theorem lemma3p1:
  fixes n k d m :: nat
  assumes "n \<ge> 1" and "k \<ge> 1" and "d \<ge> 1" and "m ^ d = k"
  shows "(\<exists>f. is_Sigma (d+1) f \<and> Sn_invariant n k f \<and> computes_word n k f
              \<and> ac_size f \<le> k * n ^ (d * (m - 1)))
       \<and> (\<exists>f. is_Pi (d+1) f \<and> Sn_invariant n k f \<and> computes_word n k f
              \<and> ac_size f \<le> k * n ^ (d * (m - 1)))"
proof -
  have m: "0 < m"
    using assms(2-4) by (cases m) (auto simp: zero_power)
  have n: "0 < n"
    using assms(1) by simp
  let ?\<Sigma> = "sigma_gates n m d 0 0 0" and ?\<Pi> = "pi_gates n m d 0 0 0"
  have vars: "set_acf (OrG ?\<Sigma>) \<subseteq> {..<k} \<times> {..<n} \<times> {..<n}" "set_acf (AndG ?\<Pi>) \<subseteq> {..<k} \<times> {..<n} \<times> {..<n}"
    using set_acf_gates[OF m n n, of d 0] assms(4) by auto
  have eval: "ac_eval (OrG ?\<Sigma>) x \<longleftrightarrow> mat_walk n x 0 k 0 = 0" "ac_eval (AndG ?\<Pi>) x \<longleftrightarrow> mat_walk n x 0 k 0 = 0"
    if "perm_tuple n k x" for x
    using ac_eval_gates[OF that m, of 0 d 0 0] assms(4) n by auto
  have "Sn_invariant n k (OrG ?\<Sigma>)" "Sn_invariant n k (AndG ?\<Pi>)"
    using gates_invariant[OF m] assms(4) by (simp_all add: Sn_invariant_def)
  moreover have "is_Sigma (d + 1) (OrG ?\<Sigma>)" "is_Pi (d + 1) (AndG ?\<Pi>)"
    using ac_depth_gates[of n m d 0 0 0]
    by (auto simp: is_Sigma_def is_Pi_def intro: ac_depth_OrG_le ac_depth_AndG_le)
  moreover have "ac_size (OrG ?\<Sigma>) = k * n ^ (d * (m - 1))" "ac_size (AndG ?\<Pi>) = k * n ^ (d * (m - 1))"
    using ac_size_gates[OF m, of n d 0 0 0] assms(4) by auto
  moreover have "computes_word n k (OrG ?\<Sigma>)" "computes_word n k (AndG ?\<Pi>)"
    using computes_wordI[OF n] vars eval by blast+
  ultimately show ?thesis
    by (metis order_refl)
qed

end
lemma clone_star_id_constants:
  assumes "A \<noteq> {}"
  shows "clone A (star A (id_constants A))"
  unfolding clone_def
proof (intro conjI allI impI)
  show "star A (id_constants A) \<subseteq> ops A" by (auto simp: star_def)
next
  fix n i :: nat assume "1 \<le> n \<and> i < n"
  then show "(n, projection A n i) \<in> star A (id_constants A)"
    by (simp add: projection_in_star_id_constants)
next
  fix n f m gs
  assume "(n, f) \<in> star A (id_constants A) \<and> length gs = n \<and>
    (\<forall>g\<in>set gs. (m, g) \<in> star A (id_constants A))"
  then show "(m, restrict (\<lambda>xs. f (map (\<lambda>g. g xs) gs)) (tuples A m)) \<in> star A (id_constants A)"
    by (intro composition_in_star_id_constants[OF assms]) auto
qed

lemma u_closedI:
  assumes "monoid_on A M" and "clone A (star A M)"
  shows "u_closed A M"
  using assms unfolding u_closed_def u_closure_def by blast

theorem proposition5p1:
  fixes A :: "'a set"
  assumes "finite A" and "A \<noteq> {}"
  shows "u_closed A (insert (restrict id A) (constants A))"
  using u_closedI monoid_on_id_constants clone_star_id_constants[OF assms(2)] .

end
lemma eigenvectors_independent_family:
  assumes T: "Vector_Spaces.linear scale scale T" and "finite E"
    and nonzero: "\<And>\<mu>. \<mu> \<in> E \<Longrightarrow> x \<mu> \<noteq> 0"
    and eigen: "\<And>\<mu>. \<mu> \<in> E \<Longrightarrow> T (x \<mu>) = \<mu> *s x \<mu>"
  shows "independent_family scale E x"
  using \<open>finite E\<close> nonzero eigen
proof (induction E rule: finite_induct)
  case empty
  then show ?case by (simp add: independent_family_def)
next
  case (insert \<nu> E)
  interpret T: Vector_Spaces.linear scale scale T by (fact T)
  have IH: "independent_family scale E x" by (rule insert.IH) (simp_all add: insert.prems)
  show ?case unfolding independent_family_def
  proof (intro allI impI)
    fix d assume d: "(\<Sum>\<mu>\<in>insert \<nu> E. d \<mu> *s x \<mu>) = 0"
    have "T (\<Sum>\<mu>\<in>insert \<nu> E. d \<mu> *s x \<mu>) = (\<Sum>\<mu>\<in>insert \<nu> E. (d \<mu> * \<mu>) *s x \<mu>)"
      unfolding T.sum T.scale by (rule sum.cong) (simp_all add: insert.prems)
    moreover have "\<nu> *s (\<Sum>\<mu>\<in>insert \<nu> E. d \<mu> *s x \<mu>) = (\<Sum>\<mu>\<in>insert \<nu> E. (d \<mu> * \<nu>) *s x \<mu>)"
      by (simp add: scale_sum_right mult.commute)
    ultimately have "(\<Sum>\<mu>\<in>insert \<nu> E. (d \<mu> * (\<mu> - \<nu>)) *s x \<mu>)
        = T (\<Sum>\<mu>\<in>insert \<nu> E. d \<mu> *s x \<mu>) - \<nu> *s (\<Sum>\<mu>\<in>insert \<nu> E. d \<mu> *s x \<mu>)"
      by (simp add: right_diff_distrib scale_left_diff_distrib sum_subtractf)
    also have "\<dots> = 0" using d by simp
    finally have "(\<Sum>\<mu>\<in>E. (d \<mu> * (\<mu> - \<nu>)) *s x \<mu>) = 0" using insert.hyps by simp
    then have "d \<mu> = 0" if "\<mu> \<in> E" for \<mu>
      using independent_familyD[OF IH _ that, of "\<lambda>\<mu>. d \<mu> * (\<mu> - \<nu>)"] that insert.hyps
      by auto
    moreover from this have "d \<nu> *s x \<nu> = 0" using d insert.hyps by simp
    then have "d \<nu> = 0" using insert.prems by simp
    ultimately show "\<forall>\<mu>\<in>insert \<nu> E. d \<mu> = 0" by blast
  qed
qed

lemma finite_eigenvalues_in_span:
  assumes T: "Vector_Spaces.linear scale scale T" and "finite S"
  shows "finite {\<mu>. \<exists>x\<in>span S. x \<noteq> 0 \<and> T x = \<mu> *s x}" (is "finite ?Eig")
proof (rule ccontr)
  assume "infinite ?Eig"
  then obtain E where E: "finite E" "card E = Suc (dim S)" "E \<subseteq> ?Eig"
    using infinite_arbitrarily_large by blast
  define x where "x \<mu> = (SOME x. x \<in> span S \<and> x \<noteq> 0 \<and> T x = \<mu> *s x)" for \<mu>
  have x: "x \<mu> \<in> span S \<and> x \<mu> \<noteq> 0 \<and> T (x \<mu>) = \<mu> *s x \<mu>" if "\<mu> \<in> E" for \<mu>
    unfolding x_def by (rule someI_ex) (use E(3) that in blast)
  have "independent_family scale E x"
    by (rule eigenvectors_independent_family[OF T E(1)]) (simp_all add: x)
  then have "card E \<le> dim S"
    using x by (intro independent_family_card_le_dim[OF E(1) \<open>finite S\<close>]) auto
  with E(2) show False by simp
qed

lemma finite_singular_pencil:
  assumes I: "finite I" and a: "independent_family scale I a"
  shows "finite {t. \<not> independent_family scale I (\<lambda>i. a i + t *s b i)}"
proof -
  interpret P: vector_space_pair scale scale ..
  have inj: "inj_on a I" and ind: "independent (a ` I)"
    using a unfolding independent_family_iff[OF I] by blast+
  txt \<open>T sends a i to b i, so a relation among the a i + t b i turns the corresponding
    combination of the a i into an eigenvector of T with eigenvalue -1/t.\<close>
  define T where "T = P.construct (a ` I) (\<lambda>v. b (inv_into I a v))"
  have T: "Vector_Spaces.linear scale scale T"
    unfolding T_def by (rule P.linear_construct[OF ind])
  interpret T: Vector_Spaces.linear scale scale T by (fact T)
  have T_comb: "T (\<Sum>i\<in>I. c i *s a i) = (\<Sum>i\<in>I. c i *s b i)" for c
    unfolding T.sum T.scale
    by (rule sum.cong) (simp_all add: T_def P.construct_basis[OF ind] inv_into_f_f[OF inj])
  let ?Eig = "{\<mu>. \<exists>x\<in>span (a ` I). x \<noteq> 0 \<and> T x = \<mu> *s x}"
  have "{t. \<not> independent_family scale I (\<lambda>i. a i + t *s b i)} \<subseteq> (\<lambda>\<mu>. - inverse \<mu>) ` ?Eig"
  proof
    fix t assume "t \<in> {t. \<not> independent_family scale I (\<lambda>i. a i + t *s b i)}"
    then obtain c i where c: "(\<Sum>i\<in>I. c i *s (a i + t *s b i)) = 0" and i: "i \<in> I" "c i \<noteq> 0"
      unfolding independent_family_def by blast
    define x where "x = (\<Sum>i\<in>I. c i *s a i)"
    have "x \<noteq> 0" using independent_familyD[OF a _ i(1)] i(2) unfolding x_def by blast
    have "x \<in> span (a ` I)"
      unfolding x_def by (intro span_sum span_scale span_base) simp
    have "(\<Sum>i\<in>I. c i *s (a i + t *s b i)) = x + t *s T x"
      by (simp add: x_def T_comb scale_right_distrib sum.distrib scale_sum_right mult.commute)
    with c have x_eq: "t *s T x = - x" by (simp add: add_eq_0_iff)
    have "t \<noteq> 0" using x_eq \<open>x \<noteq> 0\<close> by auto
    have "T x = inverse t *s (t *s T x)" using \<open>t \<noteq> 0\<close> by simp
    also have "\<dots> = (- inverse t) *s x" using x_eq by simp
    finally have "- inverse t \<in> ?Eig" using \<open>x \<noteq> 0\<close> \<open>x \<in> span (a ` I)\<close> by blast
    then show "t \<in> (\<lambda>\<mu>. - inverse \<mu>) ` ?Eig" by (rule rev_image_eqI) simp
  qed
  moreover have "finite ?Eig" by (rule finite_eigenvalues_in_span[OF T finite_imageI[OF I]])
  ultimately show ?thesis by (rule finite_subset[OF _ finite_imageI])
qed
lemma subalgebra_filt_mono: "k \<le> k' \<Longrightarrow> subalgebra (filt P eps eta k') (filt P eps eta k)"
  unfolding subalgebra_def sets_filt past_def by (intro conjI sigma_sets_mono' UN_mono) auto

lemma noise_measurable_filt:
  assumes "i \<in> past k"
  shows "case_sum eps eta i \<in> borel_measurable (filt P eps eta k)"
  unfolding filt_eq_sigma_noise
  by (rule measurable_sigma_if_preimages) (use assms noise_sets_Pow in \<open>auto simp: noise_sets_def\<close>)

lemma eps_measurable_filt: "1 \<le> i \<Longrightarrow> i \<le> k \<Longrightarrow> eps i \<in> borel_measurable (filt P eps eta k)"
  using noise_measurable_filt[of "Inl i" k] by (simp add: past_def)

lemma eta_measurable_filt: "1 \<le> i \<Longrightarrow> i \<le> k \<Longrightarrow> eta i \<in> borel_measurable (filt P eps eta k)"
  using noise_measurable_filt[of "Inr i" k] by (simp add: past_def)

lemma indep_var_filt_noise:
  assumes j: "j \<ge> 1" and Y: "Y \<in> measurable (filt P eps eta (j - 1)) N"
  shows "indep_var N Y borel (\<lambda>\<omega>. (eps j \<omega>, eta j \<omega>))"
proof -
  define I where "I = (\<lambda>b. if b then past (j - 1) else {Inl j, Inr j})"
  have "indep_sets noise_sets (\<Union>b. I b)"
    using indep_sets_noise by (rule indep_sets_mono_index[rotated]) (use j in \<open>auto simp: I_def past_def\<close>)
  then have indep: "indep_sets (\<lambda>b. sigma_sets (space P) (\<Union>i\<in>I b. noise_sets i)) UNIV"
    by (rule indep_sets_collect_sigma) (auto simp: Int_stable_noise_sets disjoint_family_on_def I_def past_def)
  have now_measurable: "(\<lambda>\<omega>. (eps j \<omega>, eta j \<omega>)) \<in> borel_measurable (sigma (space P) (\<Union>i\<in>I False. noise_sets i))"
    unfolding borel_prod[symmetric] using noise_sets_Pow
    by (intro measurable_Pair measurable_sigma_if_preimages) (auto simp: I_def noise_sets_def)
  have "(\<lambda>\<omega>. (eps j \<omega>, eta j \<omega>)) \<in> borel_measurable P"
    using eps_measurable eta_measurable j unfolding borel_prod[symmetric] by (intro measurable_Pair) auto
  moreover have "Y \<in> measurable P N"
    using measurable_from_subalg[OF subalgebra_filt Y] .
  moreover have "indep_sets (\<lambda>b. {case_bool Y (\<lambda>\<omega>. (eps j \<omega>, eta j \<omega>)) b -` A \<inter> space P |A.
      A \<in> sets (case_bool N borel b)}) UNIV"
  proof (rule indep_sets_mono_sets[OF indep], cases)
    fix b :: bool assume b
    then show "{case_bool Y (\<lambda>\<omega>. (eps j \<omega>, eta j \<omega>)) b -` A \<inter> space P |A. A \<in> sets (case_bool N borel b)}
        \<subseteq> sigma_sets (space P) (\<Union>i\<in>I b. noise_sets i)"
      using measurable_sets[OF Y] by (auto simp: sets_filt I_def)
  next
    fix b :: bool assume "\<not> b"
    then show "{case_bool Y (\<lambda>\<omega>. (eps j \<omega>, eta j \<omega>)) b -` A \<inter> space P |A. A \<in> sets (case_bool N borel b)}
        \<subseteq> sigma_sets (space P) (\<Union>i\<in>I b. noise_sets i)"
      using measurable_sets[OF now_measurable] noise_sets_Pow
      by (auto simp: sets_measure_of space_measure_of_conv I_def)
  qed
  ultimately show ?thesis
    unfolding indep_var_def indep_vars_def2 by (auto split: bool.split)
qed

end

section \<open>Clipped received energies\<close>

context fading_channel
begin

lemma Sigma_adm_measurable_filt:
  assumes "X \<in> Sigma_adm P eps eta n zl zu" "1 \<le> i" "i \<le> n" "i \<le> k"
  shows "X i \<in> borel_measurable (filt P eps eta k)"
  using measurable_from_subalg[OF subalgebra_filt_mono Sigma_adm_measurable[OF assms(1-3)]] assms(4)
  by simp

definition clipped_energy :: "real \<Rightarrow> nat \<Rightarrow> real \<Rightarrow> 'a \<Rightarrow> real" where
  "clipped_energy c i x \<omega> = min ((eps i \<omega> * x + eta i \<omega>)\<^sup>2) c"

definition mean_clipped_energy :: "real \<Rightarrow> nat \<Rightarrow> real \<Rightarrow> real" where
  "mean_clipped_energy c i x = (\<integral>\<omega>. clipped_energy c i x \<omega> \<partial>P)"

definition clipped_innovation :: "(nat \<Rightarrow> 'a \<Rightarrow> real) \<Rightarrow> real \<Rightarrow> nat \<Rightarrow> 'a \<Rightarrow> real" where
  "clipped_innovation X c i \<omega> = clipped_energy c i (X i \<omega>) \<omega> - mean_clipped_energy c i (X i \<omega>)"
(* Fix a leader policy $\pi$ and functions $\tilde Q_h:\mathcal S\times\mathcal B\to\mathbb R$, $h\in[H]$; let $\tilde V_h(s)=\eta^{-1}\log\sum_be^{\eta\tilde Q_h(s,b)}$, $\tilde A_h=\tilde Q_h-\tilde V_h$, $\tilde\nu_h(b\mid s)=\exp(\eta\tilde A_h(s,b))$, $\tilde V_{H+1}=0$. Define $$\Delta_h^{(1)}(s_h,b_h)=\mathbb E_{s_h,b_h}\Bigl[\sum_{i=h}^H\gamma^{i-h}\bigl(r_i^\pi+\gamma P_i^\pi\tilde V_{i+1}-\tilde Q_i\bigr)(s_i,b_i)\Bigr],\qquad \Delta_h^{(2)}(s_h)=\mathbb E_{s_h}\Bigl[\sum_{i=h}^H\gamma^{i-h}\mathrm{KL}\bigl(\nu_i^\pi(\cdot\mid s_i)\,\|\,\tilde\nu_i(\cdot\mid s_i)\bigr)\Bigr],$$ with $\Delta^{(2)}_{H+1}=0$. Then for all $h\in[H]$ and $(s_h,b_h)\in\mathcal S\times\mathcal B$, $$A_h^\pi(s_h,b_h)-\tilde A_h(s_h,b_h)=(\mathbb E_{s_h,b_h}-\mathbb E_{s_h})\bigl[\Delta_h^{(1)}(s_h,b_h)-\gamma\eta^{-1}\Delta_{h+1}^{(2)}(s_{h+1})\bigr]+\eta^{-1}\mathrm{KL}\bigl(\nu_h^\pi(\cdot\mid s_h)\,\|\,\tilde\nu_h(\cdot\mid s_h)\bigr),$$ where $\mathrm{KL}(\nu_h^\pi(\cdot\mid s_h)\|\tilde\nu_h(\cdot\mid s_h))=\eta\,\mathbb E_{s_h}[A_h^\pi-\tilde A_h]$. In particular, in the myopic case ($\gamma=0$, $\tilde Q_h=\tilde r_h^\pi$ for some estimated reward $\tilde r$ with $\tilde r_h^\pi(s,b)=\sum_a\pi_h(a\mid s,b)\tilde r_h(s,a,b)$), $$A_h^\pi(s_h,b_h)-\tilde A_h(s_h,b_h)=(\mathbb E_{s_h,b_h}-\mathbb E_{s_h})\bigl[(r_h^\pi-\tilde r_h^\pi)(s_h,b_h)\bigr]+\eta^{-1}\mathrm{KL}\bigl(\nu_h^\pi(\cdot\mid s_h)\|\tilde\nu_h(\cdot\mid s_h)\bigr).$$
   Context: Episodic leader–follower Markov game (true model): state space $\mathcal S$, actions $\mathcal A,\mathcal B$, horizon $H$, transitions $P_h(\cdot\mid s,a,b)$, follower rewards $r_h$. Leader policy $\pi_h(\cdot\mid s,b)\in\Delta(\mathcal A)$; $r_h^\pi(s,b)=\sum_a\pi_h(a\mid s,b)r_h(s,a,b)$, $P_h^\pi(s'\mid s,b)=\sum_a\pi_h(a\mid s,b)P_h(s'\mid s,a,b)$. With $\eta>0$, $\gamma\in[0,1]$: $V_{H+1}^\pi=0$, $Q_h^\pi=r_h^\pi+\gamma P_h^\pi V_{h+1}^\pi$, $V_h^\pi(s)=\eta^{-1}\log\sum_be^{\eta Q_h^\pi(s,b)}$, $A_h^\pi=Q_h^\pi-V_h^\pi$, $\nu_h^\pi(b\mid s)=\exp(\eta A_h^\pi(s,b))$. $\mathbb E_{s_h}$, $\mathbb E_{s_h,b_h}$: conditional expectations given $s_h$, resp. $(s_h,b_h)$, over a trajectory of $(\pi,\nu^\pi)$ on the true model ($b_l\sim\nu_l^\pi(\cdot\mid s_l)$, $a_l\sim\pi_l(\cdot\mid s_l,b_l)$, $s_{l+1}\sim P_l$); in particular $\mathbb E_{s_h}$ also averages over $b_h\sim\nu_h^\pi(\cdot\mid s_h)$. *)

theory Defs
  imports Complex_Main
begin

text \<open>Types: 's states, 'a leader actions,
 'b follower actions (all finite). Time steps are 1..H.
 P h s a b s' = P_h(s' | s,a,b);  r h s a b = r_h(s,a,b);  pol h s b a = pi_h(a | s,b).\<close>

definition rpi :: "(nat \<Rightarrow> 's \<Rightarrow> 'b \<Rightarrow> 'a::finite \<Rightarrow> real) \<Rightarrow> (nat \<Rightarrow> 's \<Rightarrow> 'a \<Rightarrow> 'b \<Rightarrow> real)
                   \<Rightarrow> nat \<Rightarrow> 's \<Rightarrow> 'b \<Rightarrow> real" where
  "rpi pol r h s b = (\<Sum>a\<in>UNIV. pol h s b a * r h s a b)"

definition Ppi :: "(nat \<Rightarrow> 's \<Rightarrow> 'b \<Rightarrow> 'a::finite \<Rightarrow> real) \<Rightarrow> (nat \<Rightarrow> 's \<Rightarrow> 'a \<Rightarrow> 'b \<Rightarrow> 's \<Rightarrow> real)
                   \<Rightarrow> nat \<Rightarrow> 's \<Rightarrow> 'b \<Rightarrow> 's \<Rightarrow> real" where
  "Ppi pol P h s b s' = (\<Sum>a\<in>UNIV. pol h s b a * P h s a b s')"

definition lse :: "real \<Rightarrow> ('b::finite \<Rightarrow> real) \<Rightarrow> real" where
  "lse \<eta> q = inverse \<eta> * ln (\<Sum>b\<in>UNIV. exp (\<eta> * q b))"

text \<open>True value function, by recursion on the number k of remaining steps:
  Vrem k = V_{H+1-k}.\<close>
primrec Vrem :: "(nat \<Rightarrow> 's::finite \<Rightarrow> 'a::finite \<Rightarrow> 'b::finite \<Rightarrow> 's \<Rightarrow> real) \<Rightarrow> (nat \<Rightarrow> 's \<Rightarrow> 'a \<Rightarrow> 'b \<Rightarrow> real)
   \<Rightarrow> (nat \<Rightarrow> 's \<Rightarrow> 'b \<Rightarrow> 'a \<Rightarrow> real) \<Rightarrow> real \<Rightarrow> real \<Rightarrow> nat \<Rightarrow> nat \<Rightarrow> 's \<Rightarrow> real" where
  "Vrem P r pol \<gamma> \<eta> H 0 = (\<lambda>s. 0)"
| "Vrem P r pol \<gamma> \<eta> H (Suc k) = (\<lambda>s. lse \<eta> (\<lambda>b. rpi pol r (H - k) s b
        + \<gamma> * (\<Sum>s'\<in>UNIV. Ppi pol P (H - k) s b s' * Vrem P r pol \<gamma> \<eta> H k s')))"

definition Vpi where
  "Vpi P r pol \<gamma> \<eta> H h s = Vrem P r pol \<gamma> \<eta> H (H + 1 - h) s"

definition Qpi where
  "Qpi P r pol \<gamma> \<eta> H h s b = rpi pol r h s b
      + \<gamma> * (\<Sum>s'\<in>UNIV. Ppi pol P h s b s' * Vpi P r pol \<gamma> \<eta> H (Suc h) s')"

definition Api where
  "Api P r pol \<gamma> \<eta> H h s b = Qpi P r pol \<gamma> \<eta> H h s b - Vpi P r pol \<gamma> \<eta> H h s"

definition nupi where
  "nupi P r pol \<gamma> \<eta> H h s b = exp (\<eta> * Api P r pol \<gamma> \<eta> H h s b)"

definition Vt :: "real \<Rightarrow> nat \<Rightarrow> (nat \<Rightarrow> 's \<Rightarrow> 'b::finite \<Rightarrow> real) \<Rightarrow> nat \<Rightarrow> 's \<Rightarrow> real" where
  "Vt \<eta> H Qt h s = (if H < h then 0 else lse \<eta> (Qt h s))"

definition At where
  "At \<eta> H Qt h s b = Qt h s b - Vt \<eta> H Qt h s"

definition nut where
  "nut \<eta> H Qt h s b = exp (\<eta> * At \<eta> H Qt h s b)"

definition KL :: "('b::finite \<Rightarrow> real) \<Rightarrow> ('b \<Rightarrow> real) \<Rightarrow> real" where
  "KL p q = (\<Sum>b\<in>UNIV. p b * ln (p b / q b))"

text \<open>Law of (s_{h+k}, b_{h+k}) given (s_h, b_h) = (s, b) under (pi, nu^pi) on the true model.\<close>
primrec occ where
  "occ P r pol \<gamma> \<eta> H h s b 0 = (\<lambda>s' b'. if s' = s \<and> b' = b then 1 else 0)"
| "occ P r pol \<gamma> \<eta> H h s b (Suc k) = (\<lambda>s' b'. \<Sum>s0\<in>UNIV. \<Sum>b0\<in>UNIV.
      occ P r pol \<gamma> \<eta> H h s b k s0 b0 * Ppi pol P (h + k) s0 b0 s'
        * nupi P r pol \<gamma> \<eta> H (h + k + 1) s' b')"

- - - - - - -

Exercise details » Could you restate word for word the lines above, from the one that contains "fixes n k d m :: nat" through the one that contains "using assms(1) by simp", and no others?

Response for this exercise »
  fixes n k d m :: nat
  assumes "n \<ge> 1" and "k \<ge> 1" and "d \<ge> 1" and "m ^ d = k"
  shows "(\<exists>f. is_Sigma (d+1) f \<and> Sn_invariant n k f \<and> computes_word n k f
              \<and> ac_size f \<le> k * n ^ (d * (m - 1)))
       \<and> (\<exists>f. is_Pi (d+1) f \<and> Sn_invariant n k f \<and> computes_word n k f
              \<and> ac_size f \<le> k * n ^ (d * (m - 1)))"
proof -
  have m: "0 < m"
    using assms(2-4) by (cases m) (auto simp: zero_power)
  have n: "0 < n"
    using assms(1) by simp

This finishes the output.